An impressive lineup of the leaders in cassava research and development from around the globe will present during the second scientific conference of the Global Cassava Partnership for the 21st Century (GCP21), June 18 – 22, 2012 in Kampala, Uganda. More than 300 leading cassava researchers and stakeholders from around the world will attend, including three AWARD Fellows representing Ghana, Kenya, and Nigeria.
GCP21 consists of 45 member institutions working on research and development of cassava, a staple crop relied on by more than 700 million people worldwide. The ultimate goal of the partnership is to improve cassava productivity through scientific research and development. Topics to be covered at the conference include climate change, pests and diseases, genomics, breeding, and biodiversity.
The Global Cassava Partnership serves as an advocate for cassava issues and leverages research and development by facilitating dialogue among farmers, stakeholders, producers, researchers, and donor agencies via scientific and technical meetings, collectively seeking smart strategies, funding opportunities, and catalyzing solutions to technical challenges such as cassava genomics.
“The greatest reward during my life time will be to bring about a significant transformation in cassava to impact on many lives that depend on the crop,” said Dr. Yona Baguma, a scientist at NaCRRI and chairman of GCP21-II.
Cassava is cultivated mainly by hundreds of millions of subsistence farmers, often on marginal lands and is vital for both food security and income generation. In Asia and Latin America, cassava serves as livestock feed, an industrial input, and a source of fuel and food. In Africa, it is the second most important source of calories after maize, an inexpensive and essential food for the poor, and an emerging cash crop.

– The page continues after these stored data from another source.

lemma quotient_jacobson_commutative_if_centrally_essential:
  assumes "right_artinian T" and CE: "centrally_essential T"
  shows "quotient_jacobson_commutative T"
  unfolding quotient_jacobson_commutative_def
proof (intro allI)
  fix a b :: 'a
  obtain M :: "'a set" where M: "minimal_right_ideal M"
    using exists_minimal_right_ideal[OF assms(1)] by blast
  then obtain c where c: "c \<in> center" "c \<in> M" "c \<noteq> 0"
    using minimal_right_ideal_meets_center[OF CE] by blast
  have ann_c: "c * r = 0 \<longleftrightarrow> r \<in> jacobson" for r
    using minimal_right_ideal_mult_jacobson[OF M c(2)]
      eq_0_if_mult_eq_0_notin_jacobson c(3) by blast
  have "c * (a * b - b * a) = 0"
  proof (cases "a \<in> jacobson")
    case True
    then have "c * a = 0" using ann_c by blast
    moreover have "c * (b * a) = b * (c * a)" by (rule center_left_commute[OF c(1)])
    ultimately show ?thesis by (simp add: right_diff_distrib flip: mult.assoc)
  next
    case False
    then have "c * a \<noteq> 0" using ann_c by blast
    with CE obtain x y where x: "x \<in> center" and y: "y \<in> center" "y \<noteq> 0"
      and cax: "c * a * x = y"
      unfolding centrally_essential_def by blast
    have "x \<notin> jacobson"
    proof
      assume "x \<in> jacobson"
      then have "c * x = 0" using ann_c by blast
      moreover have "c * a * x = c * x * a" by (simp add: mult.assoc center_commute[OF x])
      ultimately have "c * a * x = 0" by simp
      with cax y show False by simp
    qed
    moreover have "c * (a * b - b * a) * x = 0"
    proof -
      have "c * (a * b) * x = c * a * x * b" by (simp add: mult.assoc center_commute[OF x])
      moreover have "c * (b * a) * x = b * (c * a * x)"
        by (simp add: mult.assoc center_left_commute[OF c(1)])
      ultimately have "c * (a * b - b * a) * x = y * b - b * y"
        using cax by (simp add: right_diff_distrib left_diff_distrib)
      then show ?thesis using center_commute[OF y(1)] by simp
    qed
    ultimately show ?thesis using eq_0_if_mult_eq_0_notin_jacobson by blast
  qed
  then show "a * b - b * a \<in> jacobson" using ann_c by blast
qed
lemma durfee_term_telescope:
  "durfee_term m b - durfee_term (Suc m) b = durfee_telescoper m b - durfee_telescoper m (Suc b)"
proof (cases b)
  case 0
  have "fps_X ^ Suc m * qpoch_inv (Suc m) = qpoch_inv m * (fps_X ^ Suc m * geom (Suc m))"
    by (simp add: qpoch_inv_Suc mult_ac del: power_Suc)
  also have "\<dots> = qpoch_inv m * geom (Suc m) - qpoch_inv m"
    by (simp only: X_power_mult_geom right_diff_distrib) simp
  finally show ?thesis
    using 0 by (simp add: durfee_term_def durfee_telescoper_def qpoch_inv_Suc del: power_Suc)
next
  case (Suc c)
  define E where "E = Suc c * (Suc c + m)"
  define u v where "u = geom (Suc c)" and "v = geom (Suc (Suc (c + m)))"
  define Z where "Z = fps_X ^ E * qpoch_inv c * qpoch_inv (Suc c + m)"
  have u: "fps_X ^ Suc c * u = u - 1" and v: "fps_X ^ Suc (Suc (c + m)) * v = v - 1"
    unfolding u_def v_def by (simp_all only: X_power_mult_geom le_add1 Suc_le_mono)
  have q: "qpoch_inv (Suc c) = qpoch_inv c * u"
    "qpoch_inv (Suc (Suc (c + m))) = qpoch_inv (Suc c + m) * v"
    by (simp_all add: u_def v_def qpoch_inv_Suc del: qpoch_inv_0)
  have e1: "Suc c * (Suc c + Suc m) = E + Suc c"
    and e2: "Suc (Suc c) * (Suc (Suc c) + m) = E + Suc c + Suc (Suc (c + m))"
    by (simp_all add: E_def algebra_simps)
  have "durfee_term m b - durfee_term (Suc m) b = Z * (u - fps_X ^ Suc c * u * v)"
    unfolding Suc durfee_term_def e1 E_def[symmetric] Z_def
    by (simp add: q power_add algebra_simps del: qpoch_inv_0)
  also have "u - fps_X ^ Suc c * u * v = 1 - (fps_X ^ Suc c * u) * (fps_X ^ Suc (Suc (c + m)) * v)"
    unfolding u v by (simp add: algebra_simps)
  also have "Z * \<dots> = durfee_telescoper m b - durfee_telescoper m (Suc b)"
    unfolding Suc durfee_telescoper_def e2 E_def[symmetric] Z_def
    by (simp add: q power_add algebra_simps del: qpoch_inv_0)
  finally show ?thesis .
qed

lemma durfee_series_Suc: "fps_infsum (durfee_term m) = fps_infsum (durfee_term (Suc m))"
proof (rule fps_ext)
  fix n
  have "fps_infsum (durfee_term m) $ n - fps_infsum (durfee_term (Suc m)) $ n
      = (\<Sum>b\<le>n. durfee_term m b - durfee_term (Suc m) b) $ n"
    by (simp add: fps_infsum_nth fps_sum_nth sum_subtractf)
  also have "\<dots> = (durfee_telescoper m 0 - durfee_telescoper m (Suc n)) $ n"
    by (simp only: durfee_term_telescope sum_telescope)
  also have "\<dots> = 0"
  proof -
    have "n < Suc n * (Suc n + m)"
      by simp
    then show ?thesis
      by (simp add: durfee_telescoper_def fps_X_power_mult_nth mult.assoc
          del: mult_Suc mult_Suc_right)
  qed
  finally show "fps_infsum (durfee_term m) $ n = fps_infsum (durfee_term (Suc m)) $ n"
    by simp
qed

lemma durfee_identity: "fps_infsum (durfee_term m) = partition_fps"
proof (rule fps_ext)
  fix n
  have "fps_infsum (durfee_term m) = fps_infsum (durfee_term (m + k))" for k
  proof (induction k)
    case (Suc k)
    then show ?case
      using durfee_series_Suc[of "m + k"] by simp
  qed simp
  then have "fps_infsum (durfee_term m) $ n = fps_infsum (durfee_term (m + n)) $ n"
    by metis
  also have "\<dots> = (\<Sum>b\<le>n. durfee_term (m + n) b $ n)"
    by (simp add: fps_infsum_nth)
  also have "\<dots> = durfee_term (m + n) 0 $ n"
  proof -
    have "durfee_term (m + n) (Suc b) $ n = 0" for b
    proof -
      have "n < Suc b * (Suc b + (m + n))"
        by simp
      then show ?thesis
        by (simp add: durfee_term_def fps_X_power_mult_nth mult.assoc
            del: mult_Suc mult_Suc_right)
    qed
    then show ?thesis
      by (simp add: sum.atMost_shift)
  qed
  also have "\<dots> = partition_fps $ n"
    by (simp add: durfee_term_def qpoch_inv_nth_eq_partition_fps)
  finally show "fps_infsum (durfee_term m) $ n = partition_fps $ n" .
qed
(* Consider the linear time-invariant system $\dot x(t) = Ax(t) + Bu(t) + Ed(t)$, $z(t) = Hx(t)$ with $A\in\mathbb{R}^{n\times n}$, $B\in\mathbb{R}^{n\times m}$, $E\in\mathbb{R}^{n\times \ell}$, $H\in\mathbb{R}^{p\times n}$, under linear state feedback $u(t)=Fx(t)$ with $F\in\mathbb{R}^{m\times n}$. Let $g(t) = He^{(A+BF)t}E$ be the impulse response from $d$ to $z$ and define $\|g\|_{H_2}^2 = \int_0^\infty \mathrm{Tr}(g(\tau)^\top g(\tau))\,d\tau$. Then $\|g\|_{H_2}^2 = 0$ if and only if there exist an integer $k$ and matrices $X\in\mathbb{R}^{k\times k}$, $V\in\mathbb{R}^{n\times k}$ such that $$VX - BFV = AV, \qquad \operatorname{im} E \subseteq \operatorname{im} V \subseteq \ker H.$$ (No internal stability of $A+BF$ is assumed.)
   Context: $\operatorname{im}$ and $\ker$ denote image and kernel of a matrix. The $H_2$ norm is defined by the (possibly infinite) integral above, without requiring $A+BF$ to be Hurwitz. *)

theory Defs
  imports "HOL-Analysis.Analysis" "Jordan_Normal_Form.Matrix_Kernel"
begin

definition mat_exp :: "real mat \<Rightarrow> real mat" where
  "mat_exp M = mat (dim_row M) (dim_col M)
     (\<lambda>(i,j). \<Sum>k. (M ^\<^sub>m k) $$ (i,j) / fact k)"

definition mat_trace :: "real mat \<Rightarrow> real" where
  "mat_trace M = (\<Sum>i<dim_row M. M $$ (i,i))"

definition mat_image :: "real mat \<Rightarrow> real vec set" where
  "mat_image M = {M *\<^sub>v x | x. x \<in> carrier_vec (dim_col M)}"

definition impulse_response ::
  "real mat \<Rightarrow> real mat \<Rightarrow> real mat \<Rightarrow> real mat \<Rightarrow> real mat \<Rightarrow> real \<Rightarrow> real mat" where
  "impulse_response A B E H F t = H * mat_exp (t \<cdot>\<^sub>m (A + B * F)) * E"

definition H2_norm_sq :: "(real \<Rightarrow> real mat) \<Rightarrow> ennreal" where
  "H2_norm_sq g = (\<integral>\<^sup>+ t \<in> {0..}. ennreal (mat_trace ((g t)\<^sup>T * g t)) \<partial>lborel)"

end

theory Submission
  imports Defs
begin

(* Write M = A + B F. The entries of g(t) = H exp(M t) E are everywhere convergent power series
   whose coefficients are the entries of the Markov parameters H M^k E divided by k!. The integrand
   tr(g(t)^T g(t)) is the sum of the squares of these entries, a continuous nonnegative function,
   so the H2 norm vanishes iff g vanishes on [0, oo); a power series vanishing on [0, oo) has
   all its one-sided derivatives at 0 equal to zero, so this happens iff H M^k E = 0 for all k.
   Finally, H M^k E = 0 for all k iff some M-invariant subspace im V lies between im E and ker H:
   for V take finitely many vectors M^k E x spanning the reachable subspace of (M, E), and
   conversely M V = V X gives H M^k E = (H V) X^k Y = 0 when E = V Y. *)

section \<open>Invariant subspaces and Markov parameters\<close>

lemma set_cols_subset_mat_image: "set (cols A) \<subseteq> mat_image A"
proof
  fix v assume "v \<in> set (cols A)"
  then obtain j where j: "j < dim_col A" "v = col A j" by (auto simp: cols_def)
  have "col A j = A *\<^sub>v unit_vec (dim_col A) j"
    using j(1) by (intro eq_vecI) (auto simp: scalar_prod_right_unit)
  then show "v \<in> mat_image A" using j unfolding mat_image_def by auto
qed

lemma mat_factor_if_cols_in_mat_image:
  assumes A: "A \<in> carrier_mat n l" and V: "V \<in> carrier_mat n k"
    and cols: "set (cols A) \<subseteq> mat_image V"
  shows "\<exists>X \<in> carrier_mat k l. A = V * X"
proof -
  have "\<exists>x. x \<in> carrier_vec k \<and> col A j = V *\<^sub>v x" if "j < l" for j
  proof -
    have "col A j \<in> mat_image V" using cols A that by (auto simp: cols_def)
    then show ?thesis using V unfolding mat_image_def by auto
  qed
  then obtain x where x: "\<And>j. j < l \<Longrightarrow> x j \<in> carrier_vec k \<and> col A j = V *\<^sub>v x j"
    by metis
  define X where "X = mat_of_cols k (map x [0..<l])"
  have "A = V * X"
    by (rule mat_col_eqI) (use A V x in \<open>auto simp: X_def\<close>)
  then show ?thesis by (intro bexI[of _ X]) (auto simp: X_def)
qed

lemma mult_eq_0_iff_cols_in_mat_kernel:
  fixes H V :: "'a :: comm_ring_1 mat"
  assumes H: "H \<in> carrier_mat p n" and V: "V \<in> carrier_mat n k"
  shows "H * V = 0\<^sub>m p k \<longleftrightarrow> set (cols V) \<subseteq> mat_kernel H"
proof
  assume "H * V = 0\<^sub>m p k"
  then have "H *\<^sub>v col V j = 0\<^sub>v p" if "j < k" for j
    using H V that by (metis col_mult2 col_zero)
  then show "set (cols V) \<subseteq> mat_kernel H"
    using H V by (auto simp: cols_def intro!: mat_kernelI)
next
  assume cols: "set (cols V) \<subseteq> mat_kernel H"
  show "H * V = 0\<^sub>m p k"
  proof (rule mat_col_eqI)
    fix j assume j: "j < dim_col (0\<^sub>m p k :: 'a mat)"
    then have "col V j \<in> mat_kernel H" using cols V by (auto simp: cols_def)
    then have "H *\<^sub>v col V j = 0\<^sub>v p" by (rule mat_kernelD(2)[OF H])
    then show "col (H * V) j = col (0\<^sub>m p k) j" using H V j by (metis col_mult2 col_zero index_zero_mat(3))
  qed (use H V in auto)
qed
(* Let $u\ge1$ be an integer, $H$ a graph containing $K_u$, and $\mathcal{F}$ a set of connected graphs none of which is a subgraph of $K_u$. Suppose there is an $\mathcal{F}$-free graph $L$ with $k^u(L)\ge1$, $\mathcal{N}(H,L)\ge1$, and $\rho_u(H,L)=P_u(H,\mathcal{F})$. For each $p\ge1$ write $p=q\,k^u(L)+r$ with integers $q\ge0$, $0\le r<k^u(L)$. Then \[ \lim_{p\to\infty}\frac{\mathrm{ex}_u(p,H,\mathcal{F})}{\mathcal{N}(H,qL\cup rK_u)}=1\quad\text{and}\quad \lim_{p\to\infty}\frac{\mathrm{ex}_u(p,H,\mathcal{F})}{\frac{\mathcal{N}(H,L)}{k^u(L)}\,p}=1 . \] Moreover, whenever $k^u(L)$ divides $p$, $\mathrm{ex}_u(p,H,\mathcal{F})=\mathcal{N}\big(H,\frac{p}{k^u(L)}L\big)$.
   Context: All graphs are finite and simple. $\mathcal{N}(H,G)$ is the number of (not necessarily induced) subgraphs of $G$ isomorphic to $H$; $k^u(G)=\mathcal{N}(K_u,G)$. A graph is $\mathcal{F}$-free if it has no subgraph isomorphic to a member of $\mathcal{F}$. $\mathrm{ex}_u(p,H,\mathcal{F})\in[0,\infty]$ is the supremum of $\mathcal{N}(H,G)$ over all $\mathcal{F}$-free graphs $G$ with $k^u(G)=p$. $\rho_u(H,G)=\mathcal{N}(H,G)/k^u(G)$. $P_u(H,\mathcal{F})=\lim_{p\to\infty}\mathrm{ex}_u(p,H,\mathcal{F})/p$ (this limit exists in $[0,\infty]$ under the stated hypotheses). $qL\cup rK_u$ denotes the disjoint union of $q$ copies of $L$ and $r$ copies of $K_u$. *)

theory Defs
  imports "HOL-Analysis.Analysis" "HOL-Library.Extended_Nat" "HOL-Library.Extended_Real"
begin

text \<open>Finite simple graphs with vertices in nat: a pair (V, E) of a vertex set and a set
  of 2-element edges contained in V.\<close>
type_synonym graph = "nat set \<times> nat set set"

definition wf_graph :: "graph \<Rightarrow> bool" where
  "wf_graph G \<longleftrightarrow> finite (fst G) \<and> (\<forall>e\<in>snd G. e \<subseteq> fst G \<and> card e = 2)"

definition subgraph :: "graph \<Rightarrow> graph \<Rightarrow> bool" where
  "subgraph S G \<longleftrightarrow> wf_graph S \<and> fst S \<subseteq> fst G \<and> snd S \<subseteq> snd G"

definition graph_iso :: "graph \<Rightarrow> graph \<Rightarrow> bool" where
  "graph_iso G1 G2 \<longleftrightarrow> (\<exists>f. bij_betw f (fst G1) (fst G2) \<and>
     (\<forall>x\<in>fst G1. \<forall>y\<in>fst G1. {x, y} \<in> snd G1 \<longleftrightarrow> {f x, f y} \<in> snd G2))"

text \<open>N(H,G): number of (not necessarily induced) subgraphs of G isomorphic to H.\<close>
definition numsub :: "graph \<Rightarrow> graph \<Rightarrow> nat" where
  "numsub H G = card {S. subgraph S G \<and> graph_iso S H}"

definition complete :: "nat \<Rightarrow> graph" where
  "complete u = ({0..<u}, {e. e \<subseteq> {0..<u} \<and> card e = 2})"

definition kcount :: "nat \<Rightarrow> graph \<Rightarrow> nat" where
  "kcount u G = numsub (complete u) G"

definition rho :: "nat \<Rightarrow> graph \<Rightarrow> graph \<Rightarrow> real" where
  "rho u H G = real (numsub H G) / real (kcount u G)"
lemma psi_less_psi_zero:
  fixes t :: real
  assumes d: "1 \<le> d" and t: "0 < t" "t < 1" and a: "0 < a" "a < 1"
    and bound: "real (d - 1) * ((1 - t) / (1 + t))\<^sup>2 < 1"
  shows "psi d t a < psi d t 0"
proof (rule DERIV_neg_imp_decreasing_open[OF a(1)])
  fix x :: real
  assume "0 < x" "x < a"
  then show "\<exists>y. (psi d t has_real_derivative y) (at x) \<and> y < 0"
    using has_real_derivative_psi[of t x d] psi_deriv_neg[OF d t, of x] bound t a by auto
next
  show "continuous_on {0..a} (psi d t)"
  proof (rule DERIV_atLeastAtMost_imp_continuous_on)
    fix x :: real
    assume "0 \<le> x" "x \<le> a"
    then show "\<exists>y. (psi d t has_real_derivative y) (at x)"
      using has_real_derivative_psi[OF t, of x d] a by auto
  qed
qed

lemma beta_KS_eq_artanh:
  assumes "3 \<le> d"
  shows "beta_KS d = 2 * artanh (1 / sqrt (real d - 1))"
proof -
  define s where "s = sqrt (real d - 1)"
  have "1 < s"
    using assms by (simp add: s_def)
  then have "(1 + 1 / s) / (1 - 1 / s) = (s + 1) / (s - 1)"
    by (simp add: field_simps)
  then show ?thesis
    by (simp add: beta_KS_def artanh_def s_def[symmetric])
qed

lemma tanh_half_sq_less_beta_KS:
  assumes "3 \<le> d" "0 \<le> \<beta>" "\<beta> < beta_KS d"
  shows "real (d - 1) * (tanh (\<beta> / 2))\<^sup>2 < 1"
proof -
  define s where "s = sqrt (real d - 1)"
  have s: "1 < s" "s\<^sup>2 = real (d - 1)"
    using assms(1) by (simp_all add: s_def of_nat_diff)
  have inv_s: "-1 < 1 / s" "1 / s < 1"
    using s by (simp_all add: less_trans[of "-1" 0])
  have "artanh (tanh (\<beta> / 2)) < artanh (1 / s)"
    using assms beta_KS_eq_artanh[OF assms(1)] by (simp add: artanh_tanh_real s_def)
  then have "tanh (\<beta> / 2) < 1 / s"
    using artanh_real_less_iff[OF _ _ inv_s] tanh_real_bounds[of "\<beta> / 2"] by auto
  moreover have "0 \<le> tanh (\<beta> / 2)"
    using assms by simp
  ultimately have "(tanh (\<beta> / 2))\<^sup>2 < (1 / s)\<^sup>2"
    by (intro power_strict_mono) auto
  moreover have "0 < real (d - 1)"
    using assms(1) by simp
  ultimately show ?thesis
    using s by (simp add: power_divide field_simps)
qed

lemma fd_less_fd_zero:
  assumes "3 \<le> d" "0 < \<beta>" "\<beta> < beta_KS d" "-1 < a" "a < 1" "a \<noteq> 0"
  shows "fd d a \<beta> < fd d 0 \<beta>"
proof -
  define t where "t = exp (-\<beta>)"
  have t: "0 < t" "t < 1"
    using assms(2) by (simp_all add: t_def)
  have "tanh (\<beta> / 2) = (1 - t) / (1 + t)"
    by (simp add: tanh_real_altdef t_def)
  then have bound: "real (d - 1) * ((1 - t) / (1 + t))\<^sup>2 < 1"
    using tanh_half_sq_less_beta_KS assms(1-3) by (metis less_imp_le)
  have "psi d t a = psi d t \<bar>a\<bar>"
    by (cases "0 \<le> a") (simp_all add: psi_minus)
  also have "\<dots> < psi d t 0"
    using psi_less_psi_zero[OF _ t _ _ bound] assms by simp
  finally show ?thesis
    using assms fd_eq_psi[of \<beta> a d] fd_eq_psi[of \<beta> 0 d] by (simp add: t_def)
qed

theorem lemma8p3:
  fixes d :: nat and \<beta> :: real
  assumes "d \<ge> 3" and "0 < \<beta>" and "\<beta> < beta_KS d"
  shows "{\<alpha> \<in> {-1<..<1}. \<forall>\<alpha>' \<in> {-1<..<1}. fd d \<alpha>' \<beta> \<le> fd d \<alpha> \<beta>} = {0}"
proof (intro equalityI subsetI)
  fix a
  assume "a \<in> {\<alpha> \<in> {-1<..<1}. \<forall>\<alpha>' \<in> {-1<..<1}. fd d \<alpha>' \<beta> \<le> fd d \<alpha> \<beta>}"
  then have "-1 < a" "a < 1" "fd d 0 \<beta> \<le> fd d a \<beta>"
    by auto
  then show "a \<in> {0}"
    using fd_less_fd_zero[OF assms, of a] by (cases "a = 0") auto
next
  fix a :: real
  assume "a \<in> {0}"
  then show "a \<in> {\<alpha> \<in> {-1<..<1}. \<forall>\<alpha>' \<in> {-1<..<1}. fd d \<alpha>' \<beta> \<le> fd d \<alpha> \<beta>}"
    using fd_less_fd_zero[OF assms] by (force intro: less_imp_le)
qed

end
lemma generator_in_gen_ideal: "h \<in> set hs \<Longrightarrow> h \<in> gen_ideal hs"
proof -
  assume "h \<in> set hs"
  then obtain i where i: "i < length hs" "h = hs ! i" by (auto simp: in_set_conv_nth)
  then show ?thesis
    unfolding gen_ideal_def by (intro CollectI exI[of _ "\<lambda>j. of_bool (j = i)"]) simp
qed

lemma set_pm: "set (pm hs) = set hs \<union> uminus ` set hs"
  unfolding pm_def by auto

lemma restr_Lt_subset_Lt_append_pm:
  fixes G hs :: "('v::finite) mpoly list"
  assumes k: "d \<le> k"
    and annihilate: "\<forall>h\<in>set hs. \<forall>\<sigma>\<in>Lt k G. \<forall>q. mdeg q \<le> d \<longrightarrow> \<sigma> (h * q) = 0"
  shows "restr d ` Lt k G \<subseteq> Lt d (G @ pm hs)"
proof (rule image_subsetI)
  fix \<sigma> assume \<sigma>: "\<sigma> \<in> Lt k G"
  have dual: "\<sigma> \<in> dual k" using \<sigma> unfolding Lt_def by simp
  have "restr d \<sigma> x \<ge> 0" if x: "x \<in> Qt d (G @ pm hs)" for x
  proof -
    obtain a s where a: "a \<in> Qt d G" and xa: "x = a + (\<Sum>j<length (pm hs). s j * pm hs ! j)"
      and s: "\<forall>j<length (pm hs). s j = 0 \<or> mdeg (s j) + mdeg (pm hs ! j) \<le> d"
      by (rule Qt_append_decompose[OF x])
    have summand: "\<sigma> (s j * pm hs ! j) = 0 \<and> mdeg (s j * pm hs ! j) \<le> k"
      if j: "j < length (pm hs)" for j
    proof (cases "s j = 0")
      case True then show ?thesis using dual_zero[OF dual] by simp
    next
      case False
      then have deg: "mdeg (s j) + mdeg (pm hs ! j) \<le> d" using s j by blast
      obtain h where h: "h \<in> set hs" "pm hs ! j = h \<or> pm hs ! j = - h"
        using nth_mem[OF j] unfolding set_pm by blast
      then have "s j * pm hs ! j = h * s j \<or> s j * pm hs ! j = h * (- s j)"
        by (auto simp: mult.commute)
      moreover have "\<sigma> (h * u) = 0" if "mdeg u \<le> d" for u
        using annihilate h(1) \<sigma> that by blast
      ultimately have "\<sigma> (s j * pm hs ! j) = 0"
        using deg by (metis le_add1 order_trans mdeg_uminus)
      moreover have "mdeg (s j * pm hs ! j) \<le> k"
        using mdeg_mult[of "s j" "pm hs ! j"] deg k by linarith
      ultimately show ?thesis by simp
    qed
    have "mdeg a \<le> k" using mdeg_le_of_Qt[OF a] k by simp
    moreover have "mdeg (\<Sum>j<length (pm hs). s j * pm hs ! j) \<le> k"
      using summand by (intro mdeg_sum_le) auto
    moreover have "\<sigma> (\<Sum>j<length (pm hs). s j * pm hs ! j) = 0"
      using summand dual_sum[OF dual, of "{..<length (pm hs)}"] by simp
    ultimately have "\<sigma> x = \<sigma> a" unfolding xa using dual_add[OF dual] by simp
    moreover have "\<sigma> a \<ge> 0" using \<sigma> a Qt_mono[OF k] unfolding Lt_def by blast
    ultimately show ?thesis unfolding restr_def by simp
  qed
  then show "restr d \<sigma> \<in> Lt d (G @ pm hs)"
    using restr_dual[OF dual k] unfolding Lt_def by blast
qed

Tapioca, yucca, and manioc are other names for cassava.
Although cassava has many properties that make it an important food across 105 countries in the world, it also has many limitations. Cassava lacks essential vitamins and nutrients and is susceptible to many pathogens, particularly in Africa, where one-third of the continental harvest is lost each year to viral diseases.
During the conference, concurrent sessions will be held on a variety of topics such as biodiversity and genetic resources, physiology and abiotic stress, agronomy, modern breeding, metabolic engineering and cassava seed systems.
Since it was founded in 2003, GCP21 has developed a list of technologies and research themes to focus activities and promote investment in those priority areas. In the last year, several research projects totaling more than $60 million in grants in the areas of cassava genomics, genetic engineering, biofortification, genetics and biology have been initiated and will be reported on during the five-day program.
Participants will exchange knowledge and experiences in the areas of socio-economics, biodiversity and genetic resources, post-harvest, starch modification, nutrition, genomics, molecular genetic markers and gene discovery, tissue culture and transformation, biotic and abiotic stresses, participatory research and technology transfer.
After reviewing advances made to date, members of GCP21 will present a synopsis identifying gaps in technical, capacity and funding as well as set additional priorities for R&D that will enable cassava production to withstand global changes in climate and related issues.
Participants will include representatives from NARS, international agricultural research centers, advanced laboratories and universities from developed and developing countries, United Nations’ agencies, governmental and non-governmental organizations, donor and development organizations, businesses in the ag-biotechnology and food processing industries.
GCP21 is chaired by Dr. Claude Fauquet, Principal Investigator at the Danforth Plant Science Center and Director of International Laboratory for Tropical Agricultural Biotechnology (ILTAB) in St. Louis, MO and Dr. Joe Tohme, Director of Agrobiodiversity Research of the International Center for Tropical Agriculture (CIAT) in Cali, Colombia.
“It is crucial for humanity to invest science and technology into cassava if we want the fourth source of calories in the developing world to feed more than one billion people by 2050,” said Fauquet.
“This is an unprecedented opportunity for some of the world’s leading crop scientists to join up to support smallholder farmers across the tropics in boosting production of one of their most important and promising food crops,” said Tohme.